:: Task item ::
Each record should be set down again so that it matches the original exactly.

————

lemma sparse_vstar_vunion_orbit:
  assumes cat: "is_cat C" and v: "vobj C U ([U, X], [cid C U, m])"
  shows "sparse C U ([U, X], [cid C U, m])"
  unfolding sparse_def
proof (intro conjI exI)
  show "vobj C U ([U, X], [cid C U, m])" by fact
  show "\<forall>k<length [(X, m)]. fst ([(X, m)] ! k) \<in> cobj C \<and> snd ([(X, m)] ! k) \<in> carr C
      \<and> cdom C (snd ([(X, m)] ! k)) = fst ([(X, m)] ! k) \<and> ccod C (snd ([(X, m)] ! k)) = U"
    using v by (auto simp: vobj_iff)
  show "\<forall>i<length [(X, m)]. \<forall>j<length [(X, m)]. i \<noteq> j \<longrightarrow>
      \<not> (\<exists>m'\<in>carr C. cdom C m' = fst ([(X, m)] ! i) \<and> ccod C m' = fst ([(X, m)] ! j)
        \<and> ccomp C (snd ([(X, m)] ! j)) m' = snd ([(X, m)] ! i))"
    by auto
  show "viso C U ([U, X], [cid C U, m])
      (vunion (if True then vstar C U else ([], [])) (map fst [(X, m)], map snd [(X, m)]))"
    using viso_refl[OF cat v] by (simp add: vunion_def vstar_def)
qed

lemma aeu_wis_le_if_sparse_le:
  assumes cat: "is_cat C" and orb: "orbital C" and atm: "atomic C"
    and wis: "weak_indexing_system C D" and aeu: "almost_essentially_unital C D"
    and wis': "weak_indexing_system C D'"
    and sparse: "\<And>W R. sparse_part C D W R \<Longrightarrow> D' W R"
  shows "D V S \<Longrightarrow> D' V S"
proof (induction "length (fst S)" arbitrary: S rule: less_induct)
  case less
  obtain xs ms where S: "S = (xs, ms)" by (cases S)
  have v: "vobj C V (xs, ms)" using weak_indexing_systemD(1)[OF wis less.prems] S by simp
  show ?case
  proof (cases "sparse C V S")
    case True
    then show ?thesis using sparse less.prems by (simp add: sparse_part_def)
  next
    case False
    then obtain i j m where ij: "i < length xs" "j < length xs" "i \<noteq> j"
      and m: "m \<in> carr C" "cdom C m = xs!i" "ccod C m = xs!j" "ccomp C (ms!j) m = ms!i"
      using sparse_if_no_map_between_orbits[OF cat v] S by blast
    define L where "L = filter (\<lambda>k. k \<noteq> i \<and> k \<noteq> j) [0..<length xs]"
    have L: "distinct (j # i # L)" "set (j # i # L) = {..<length xs}"
      using ij unfolding L_def by auto
    have "length (j # L) < length xs"
      using distinct_card[OF L(1)] L(2) by simp
    moreover have "2 \<le> length xs" "set (j # L) \<subseteq> {..<length xs}" using ij L(2) by auto
    then have "D V (vselect (xs, ms) (j # L))"
      using aeu_vselect[OF cat wis aeu, of V "(xs, ms)"] less.prems S L(1) by simp
    ultimately have S1: "D' V (vselect (xs, ms) (j # L))"
      using less.hyps S by (simp add: vselect_def)
    have "D (xs!j) ([xs!j, xs!i], [cid C (xs!j), m])"
      using aeu_restriction_orbit_pair[OF cat orb atm wis aeu _ ij m] less.prems S by simp
    then have "D' (xs!j) ([xs!j, xs!i], [cid C (xs!j), m])"
      using sparse sparse_vstar_vunion_orbit[OF cat] weak_indexing_systemD(1)[OF wis]
      by (simp add: sparse_part_def)
    then show ?thesis using wis_glue_orbit[OF cat orb wis' v L m(1,4) S1] S by simp
  qed
qed

theorem mainTheorem20:
  fixes T :: "('o, 'm) cat" and \<C> :: "('o, 'm) tcoll"
  assumes "is_cat T" and "orbital T" and "atomic T"
    and "weak_indexing_system T \<C>"
    and "almost_essentially_unital T \<C>"
  shows "\<C> = wis_closure T (sparse_part T \<C>)"
proof (intro ext iffI)
  fix V S
  assume "\<C> V S"
  then show "wis_closure T (sparse_part T \<C>) V S"
    unfolding wis_closure_def using aeu_wis_le_if_sparse_le[OF assms] by blast
next
  fix V S
  assume "wis_closure T (sparse_part T \<C>) V S"
  then show "\<C> V S"
    using assms(4) unfolding wis_closure_def sparse_part_def by blast
qed

end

————

:: Result of the task ::
lemma sparse_vstar_vunion_orbit:
  assumes cat: "is_cat C" and v: "vobj C U ([U, X], [cid C U, m])"
  shows "sparse C U ([U, X], [cid C U, m])"
  unfolding sparse_def
proof (intro conjI exI)
  show "vobj C U ([U, X], [cid C U, m])" by fact
  show "\<forall>k<length [(X, m)]. fst ([(X, m)] ! k) \<in> cobj C \<and> snd ([(X, m)] ! k) \<in> carr C
      \<and> cdom C (snd ([(X, m)] ! k)) = fst ([(X, m)] ! k) \<and> ccod C (snd ([(X, m)] ! k)) = U"
    using v by (auto simp: vobj_iff)
  show "\<forall>i<length [(X, m)]. \<forall>j<length [(X, m)]. i \<noteq> j \<longrightarrow>
      \<not> (\<exists>m'\<in>carr C. cdom C m' = fst ([(X, m)] ! i) \<and> ccod C m' = fst ([(X, m)] ! j)
        \<and> ccomp C (snd ([(X, m)] ! j)) m' = snd ([(X, m)] ! i))"
    by auto
  show "viso C U ([U, X], [cid C U, m])
      (vunion (if True then vstar C U else ([], [])) (map fst [(X, m)], map snd [(X, m)]))"
    using viso_refl[OF cat v] by (simp add: vunion_def vstar_def)
qed

lemma aeu_wis_le_if_sparse_le:
  assumes cat: "is_cat C" and orb: "orbital C" and atm: "atomic C"
    and wis: "weak_indexing_system C D" and aeu: "almost_essentially_unital C D"
    and wis': "weak_indexing_system C D'"
    and sparse: "\<And>W R. sparse_part C D W R \<Longrightarrow> D' W R"
  shows "D V S \<Longrightarrow> D' V S"
proof (induction "length (fst S)" arbitrary: S rule: less_induct)
  case less
  obtain xs ms where S: "S = (xs, ms)" by (cases S)
  have v: "vobj C V (xs, ms)" using weak_indexing_systemD(1)[OF wis less.prems] S by simp
  show ?case
  proof (cases "sparse C V S")
    case True
    then show ?thesis using sparse less.prems by (simp add: sparse_part_def)
  next
    case False
    then obtain i j m where ij: "i < length xs" "j < length xs" "i \<noteq> j"
      and m: "m \<in> carr C" "cdom C m = xs!i" "ccod C m = xs!j" "ccomp C (ms!j) m = ms!i"
      using sparse_if_no_map_between_orbits[OF cat v] S by blast
    define L where "L = filter (\<lambda>k. k \<noteq> i \<and> k \<noteq> j) [0..<length xs]"
    have L: "distinct (j # i # L)" "set (j # i # L) = {..<length xs}"
      using ij unfolding L_def by auto
    have "length (j # L) < length xs"
      using distinct_card[OF L(1)] L(2) by simp
    moreover have "2 \<le> length xs" "set (j # L) \<subseteq> {..<length xs}" using ij L(2) by auto
    then have "D V (vselect (xs, ms) (j # L))"
      using aeu_vselect[OF cat wis aeu, of V "(xs, ms)"] less.prems S L(1) by simp
    ultimately have S1: "D' V (vselect (xs, ms) (j # L))"
      using less.hyps S by (simp add: vselect_def)
    have "D (xs!j) ([xs!j, xs!i], [cid C (xs!j), m])"
      using aeu_restriction_orbit_pair[OF cat orb atm wis aeu _ ij m] less.prems S by simp
    then have "D' (xs!j) ([xs!j, xs!i], [cid C (xs!j), m])"
      using sparse sparse_vstar_vunion_orbit[OF cat] weak_indexing_systemD(1)[OF wis]
      by (simp add: sparse_part_def)
    then show ?thesis using wis_glue_orbit[OF cat orb wis' v L m(1,4) S1] S by simp
  qed
qed

theorem mainTheorem20:
  fixes T :: "('o, 'm) cat" and \<C> :: "('o, 'm) tcoll"
  assumes "is_cat T" and "orbital T" and "atomic T"
    and "weak_indexing_system T \<C>"
    and "almost_essentially_unital T \<C>"
  shows "\<C> = wis_closure T (sparse_part T \<C>)"
proof (intro ext iffI)
  fix V S
  assume "\<C> V S"
  then show "wis_closure T (sparse_part T \<C>) V S"
    unfolding wis_closure_def using aeu_wis_le_if_sparse_le[OF assms] by blast
next
  fix V S
  assume "wis_closure T (sparse_part T \<C>) V S"
  then show "\<C> V S"
    using assms(4) unfolding wis_closure_def sparse_part_def by blast
qed

end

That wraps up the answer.